Thanks for all the suggestions. I will try it with the eco-throttle (or whatever Kipor calls it) off. For the record, I am at an elevation of 175'. My sign-on is actually taken from the make and model of my airplane (Beechcraft Sierra B24R). I fear that what I really need to do is buy the model 3500TI. I was trying to have a more manageable weight for when the wife and kids go camping without me.


----------



## Oregon_Camper (Sep 13, 2004)

AC ??

Is that your alcohol cooler?


----------



## CamperAndy (Aug 26, 2004)

I replied to your PM but just so everyone knows I have the 3500Ti not the 3000Ti but the 3000Ti should work.

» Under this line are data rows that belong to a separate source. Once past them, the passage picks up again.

(* On $S_{1,2}=S_1\cap S_2$ the coefficients $(a_0,a_1,h_1,h_2)$ are free parameters, with $a_2=2h_2+h_{1,x}+a_0h_1$ and $h_3=-h_{1,xx}-2h_{2,x}+h_1^2-a_1h_1-a_0(h_{1,x}+h_2)$, and the restriction of the DKP flow $t_2$ to $S_{1,2}$ is $\partial_{t_2}a_0=\partial_x(2a_1-a_0^2+a_{0,x})$, $\partial_{t_2}a_1=2a_{2,x}+a_{1,xx}+2a_{0,x}(h_1-a_1)$, $\partial_{t_2}h_1=\partial_x(2h_2+h_{1,x})$, $\partial_{t_2}h_2=-\partial_x\big(2h_{1,xx}+3h_{2,x}-3h_1^2+2a_0(h_{1,x}+h_2)+2a_1h_1\big)$. Moreover, on $S_{1,2}$, $z\big(h^{(2)}+a_0h^{(1)}+(a_1-2h_1)\big)=h^{(3)}+a_0h^{(2)}+(a_1-3h_1)h^{(1)}+(a_2-2a_0h_1-3h_2-3h_{1,x})$.
   Context: Let $x$ be a space variable; coefficients are functions of $x$, subscript $x$ denotes $\partial_x$. $M$ is the affine space of formal Laurent series $h(z)=z+\sum_{j\ge1}h_jz^{-j}$, $A$ that of $a(z)=z+\sum_{j\ge0}a_jz^{-j}$, $N=M\times A$. Faà di Bruno iterates: $h^{(0)}=1$, $h^{(j+1)}=\partial_xh^{(j)}+h\,h^{(j)}$. For $j\ge0$ the KP current $H^{(j)}$ is the unique series $h^{(j)}+\sum_{l=0}^{j-2}p^j_l[h]h^{(l)}$ ($p^j_l$ differential polynomials in the $h_i$) with $H^{(j)}=z^j+O(z^{-1})$; e.g. $H^{(1)}=h$, $H^{(2)}=h^{(2)}-2h_1$, $H^{(3)}=h^{(3)}-3h_1h^{(1)}-3(h_2+h_{1,x})$. The DKP equations on $N$ are $\partial_{t_j}h=\partial_xH^{(j)}$, $\partial_{t_j}a=a(\tilde H^{(j)}-H^{(j)})$, with $\tilde H^{(j)}$ the current evaluated at $\tilde h=h+a_x/a$. For $l\ge-1$, $S_l\subset N$ is defined by $z^la=H^{(l+1)}+\sum_{m=0}^{l}a_mH^{(l-m)}$; thus $S_1:\ za=H^{(2)}+a_0H^{(1)}+a_1$ and $S_2:\ z^2a=H^{(3)}+a_0H^{(2)}+a_1H^{(1)}+a_2$. *)

theory Defs
  imports "HOL-Analysis.Analysis" "HOL-Library.Function_Algebras"
    "HOL-Computational_Algebra.Formal_Laurent_Series"
begin

text \<open>Coefficients are real functions of the space variable x.
  A formal Laurent series in z with finitely many positive powers of z is encoded
  as an element of the library type fls in the variable X = z^{-1}; thus z is fls_X_inv
  and the coefficient of z^k is the X-coefficient of index -k.\<close>

type_synonym coef = "real \<Rightarrow> real"
type_synonym ser = "coef fls"

definition smooth :: "coef \<Rightarrow> bool" where
  "smooth f \<longleftrightarrow> (\<forall>n x. ((deriv ^^ n) f) differentiable (at x))"

definition zz :: ser where "zz = fls_X_inv"

definition zc :: "ser \<Rightarrow> int \<Rightarrow> coef" where
  "zc s k = fls_nth s (- k)"

definition cst :: "coef \<Rightarrow> ser" where "cst c = fls_const c"

definition Dx :: "ser \<Rightarrow> ser" where
  "Dx s = Abs_fls (\<lambda>n. deriv (fls_nth s n))"

definition smooth_ser :: "ser \<Rightarrow> bool" where
  "smooth_ser s \<longleftrightarrow> (\<forall>k. smooth (zc s k))"

definition inM :: "ser \<Rightarrow> bool" where
  "inM h \<longleftrightarrow> smooth_ser h \<and> zc h 1 = 1 \<and> (\<forall>k. k > 1 \<longrightarrow> zc h k = 0) \<and> zc h 0 = 0"

definition inA :: "ser \<Rightarrow> bool" where
  "inA a \<longleftrightarrow> smooth_ser a \<and> zc a 1 = 1 \<and> (\<forall>k. k > 1 \<longrightarrow> zc a k = 0)"

definition inN :: "ser \<Rightarrow> ser \<Rightarrow> bool" where
  "inN h a \<longleftrightarrow> inM h \<and> inA a"

fun fdb :: "ser \<Rightarrow> nat \<Rightarrow> ser" where
  "fdb h 0 = 1"
| "fdb h (Suc j) = Dx (fdb h j) + h * fdb h j"

definition KP :: "ser \<Rightarrow> nat \<Rightarrow> ser" where
  "KP h j = (THE H. (\<exists>p :: nat \<Rightarrow> coef.
      H = fdb h j + (\<Sum>l\<in>{0..<j-1}. cst (p l) * fdb h l))
      \<and> zc H (int j) = 1 \<and> (\<forall>k. k > int j \<longrightarrow> zc H k = 0)
      \<and> (\<forall>k. 0 \<le> k \<and> k < int j \<longrightarrow> zc H k = 0))"

definition logder :: "ser \<Rightarrow> ser" where
  "logder a = (THE r. a * r = Dx a)"

definition htilde :: "ser \<Rightarrow> ser \<Rightarrow> ser" where
  "htilde h a = h + logder a"

text \<open>DKP flows (components of the vector field of the t_j flow on N).\<close>
definition dkp_h :: "nat \<Rightarrow> ser \<Rightarrow> ser \<Rightarrow> ser" where
  "dkp_h j h a = Dx (KP h j)"

definition dkp_a :: "nat \<Rightarrow> ser \<Rightarrow> ser \<Rightarrow> ser" where
  "dkp_a j h a = a * (KP (htilde h a) j - KP h j)"

definition inS :: "nat \<Rightarrow> ser \<Rightarrow> ser \<Rightarrow> bool" where
  "inS l h a \<longleftrightarrow> inN h a \<and>
     zz ^ l * a = KP h (l + 1) + (\<Sum>m\<in>{0..l}. cst (zc a (- int m)) * KP h (l - m))"

definition inS12 :: "ser \<Rightarrow> ser \<Rightarrow> bool" where
  "inS12 h a \<longleftrightarrow> inS 1 h a \<and> inS 2 h a"

end

theory Submission
  imports Defs
begin

text \<open>
  The equation of S_1 expresses z a = H^(2) + a_0 h + a_1 through (a_0, a_1, h), and a_2 is the
  coefficient of z^(-1) in z a. Substituting into S_2 leaves a single equation for h,
  z (H^(2) + a_0 h + a_1) = H^(3) + a_0 H^(2) + a_1 h + a_2, whose defect is O(z^(-1)) by the
  normalisation of the currents. The defect is triangular in h: if h_i = h'_i for all i < m,
  then h'^(j) - h^(j) starts at z^(j-1-m) with coefficient j (h'_m - h_m), so the
  coefficient of z^(2-m) in the defect changes by (2 - 3) (h'_m - h_m). Hence h_3, h_4, ... are
  determined recursively by h_1 and h_2: uniqueness by looking at the first coefficient where two
  solutions differ, existence by correcting one coefficient at a time, and smoothness survives
  because the defect is a differential polynomial. The formulas for a_2, h_3 and the restricted
  t_2-flow are then coefficient computations; for the a-flow one uses
  a_x / a = a_0,x z^(-1) + O(z^(-2)).
\<close>

unbundle fps_syntax

text \<open>The imported theories simplify \<open>1 :: nat\<close> to \<open>Suc 0\<close>, which would hide \<open>KP h 1\<close>
  and \<open>fdb h 1\<close> from the lemmas below.\<close>
declare One_nat_def [simp del]

section \<open>Smooth functions\<close>

lemma deriv_numeral_fun [simp]: "deriv (numeral n :: real \<Rightarrow> real) = 0"
  by (simp add: numeral_fun zero_fun_def)

lemma deriv_zero_fun [simp]: "deriv (0 :: real \<Rightarrow> real) = 0"
  and deriv_one_fun [simp]: "deriv (1 :: real \<Rightarrow> real) = 0"
  by (simp_all add: zero_fun_def one_fun_def)

definition differentiable_everywhere :: "coef \<Rightarrow> bool" where
  "differentiable_everywhere f \<longleftrightarrow> (\<forall>x. f differentiable (at x))"

lemma differentiable_everywhere_DERIV:
  "differentiable_everywhere f \<Longrightarrow> DERIV f x :> deriv f x"
  unfolding differentiable_everywhere_def by (simp add: DERIV_deriv_iff_real_differentiable)

lemma differentiable_everywhere_add:
  "differentiable_everywhere f \<Longrightarrow> differentiable_everywhere g \<Longrightarrow> differentiable_everywhere (f + g)"
  by (simp add: differentiable_everywhere_def plus_fun_def)

lemma differentiable_everywhere_mult:
  "differentiable_everywhere f \<Longrightarrow> differentiable_everywhere g \<Longrightarrow> differentiable_everywhere (f * g)"
  by (simp add: differentiable_everywhere_def times_fun_def)

lemma deriv_add_fun:
  "differentiable_everywhere f \<Longrightarrow> differentiable_everywhere g \<Longrightarrow> deriv (f + g) = deriv f + deriv g"
  by (rule ext) (auto simp: plus_fun_def intro!: DERIV_imp_deriv DERIV_add
    differentiable_everywhere_DERIV)

lemma deriv_diff_fun:
  "differentiable_everywhere f \<Longrightarrow> differentiable_everywhere g \<Longrightarrow> deriv (f - g) = deriv f - deriv g"
  by (rule ext) (auto simp: fun_diff_def intro!: DERIV_imp_deriv DERIV_diff
    differentiable_everywhere_DERIV)

lemma deriv_uminus_fun: "differentiable_everywhere f \<Longrightarrow> deriv (- f) = - deriv f"
  by (rule ext) (auto simp: fun_Compl_def intro!: DERIV_imp_deriv DERIV_minus
    differentiable_everywhere_DERIV)

lemma deriv_mult_fun:
  "differentiable_everywhere f \<Longrightarrow> differentiable_everywhere g \<Longrightarrow>
    deriv (f * g) = deriv f * g + f * deriv g"
proof (rule ext)
  fix x
  assume "differentiable_everywhere f" "differentiable_everywhere g"
  from DERIV_mult[OF differentiable_everywhere_DERIV[OF this(1)]
    differentiable_everywhere_DERIV[OF this(2)]]
  show "deriv (f * g) x = (deriv f * g + f * deriv g) x"
    by (auto simp: times_fun_def mult.commute intro!: DERIV_imp_deriv)
qed

definition differentiable_upto :: "nat \<Rightarrow> coef \<Rightarrow> bool" where
  "differentiable_upto n f \<longleftrightarrow> (\<forall>k\<le>n. differentiable_everywhere ((deriv ^^ k) f))"

lemma differentiable_upto_0 [simp]: "differentiable_upto 0 f \<longleftrightarrow> differentiable_everywhere f"
  by (simp add: differentiable_upto_def)

lemma differentiable_upto_Suc:
  "differentiable_upto (Suc n) f \<longleftrightarrow> differentiable_everywhere f \<and> differentiable_upto n (deriv f)"
  unfolding differentiable_upto_def
  by (simp add: All_less_Suc2 funpow_Suc_right flip: less_Suc_eq_le del: funpow.simps)

lemma differentiable_upto_add:
  "differentiable_upto n f \<Longrightarrow> differentiable_upto n g \<Longrightarrow> differentiable_upto n (f + g)"
  by (induction n arbitrary: f g)
    (auto simp: differentiable_upto_Suc deriv_add_fun differentiable_everywhere_add)

lemma differentiable_upto_Suc_imp: "differentiable_upto (Suc n) f \<Longrightarrow> differentiable_upto n f"
  by (simp add: differentiable_upto_def)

It sounds like a carburetor issue, not sure if it is the Smart throttle control or the jetting but the 3000 should be able to handle it without too much strain.


----------



## Dreamtimers (Mar 7, 2005)

Oregon_Camper said:


> AC ??
> 
> Is that your alcohol cooler?
> 
> ...


No that stands for Air Conditioner. It's sort of a Southern thing... Come see us, I'll show you one.

The Alcohol Cooler is *MUCH* bigger and requires a dedicated power source!























Dreamtimers


----------



## Sierrab24r (Apr 2, 2006)

Thanks for all the advice, guys! Tried it last night with the "smart throttle" off and the air conditioning started and ran fine. I believe I'll still have the electronics and carburetor checked out as this unit probably only has about 1/2 an hour of run time. Maybe, despite all the QC stickers on it, it needs a little break in...

*I sure like this forum...*

I used it to find our trailer, and to troubleshoot several minor annoyances. I look forward to meeting with some of you and also to posting on improvements (or is it refinements?)

Regards,

Jerry

P.S.

I noticed an Outback parked in an RV storage yard not far from my place. Is it possible that an "Outbacker" may not have heard of this forum? I believe I'll contact the Outback dealer in Salem and have him pass on this site info to new purchasers.


----------



## CJ999 (Aug 11, 2005)

They also need to warm up completely before you add the electric load, especially when they are new.


----------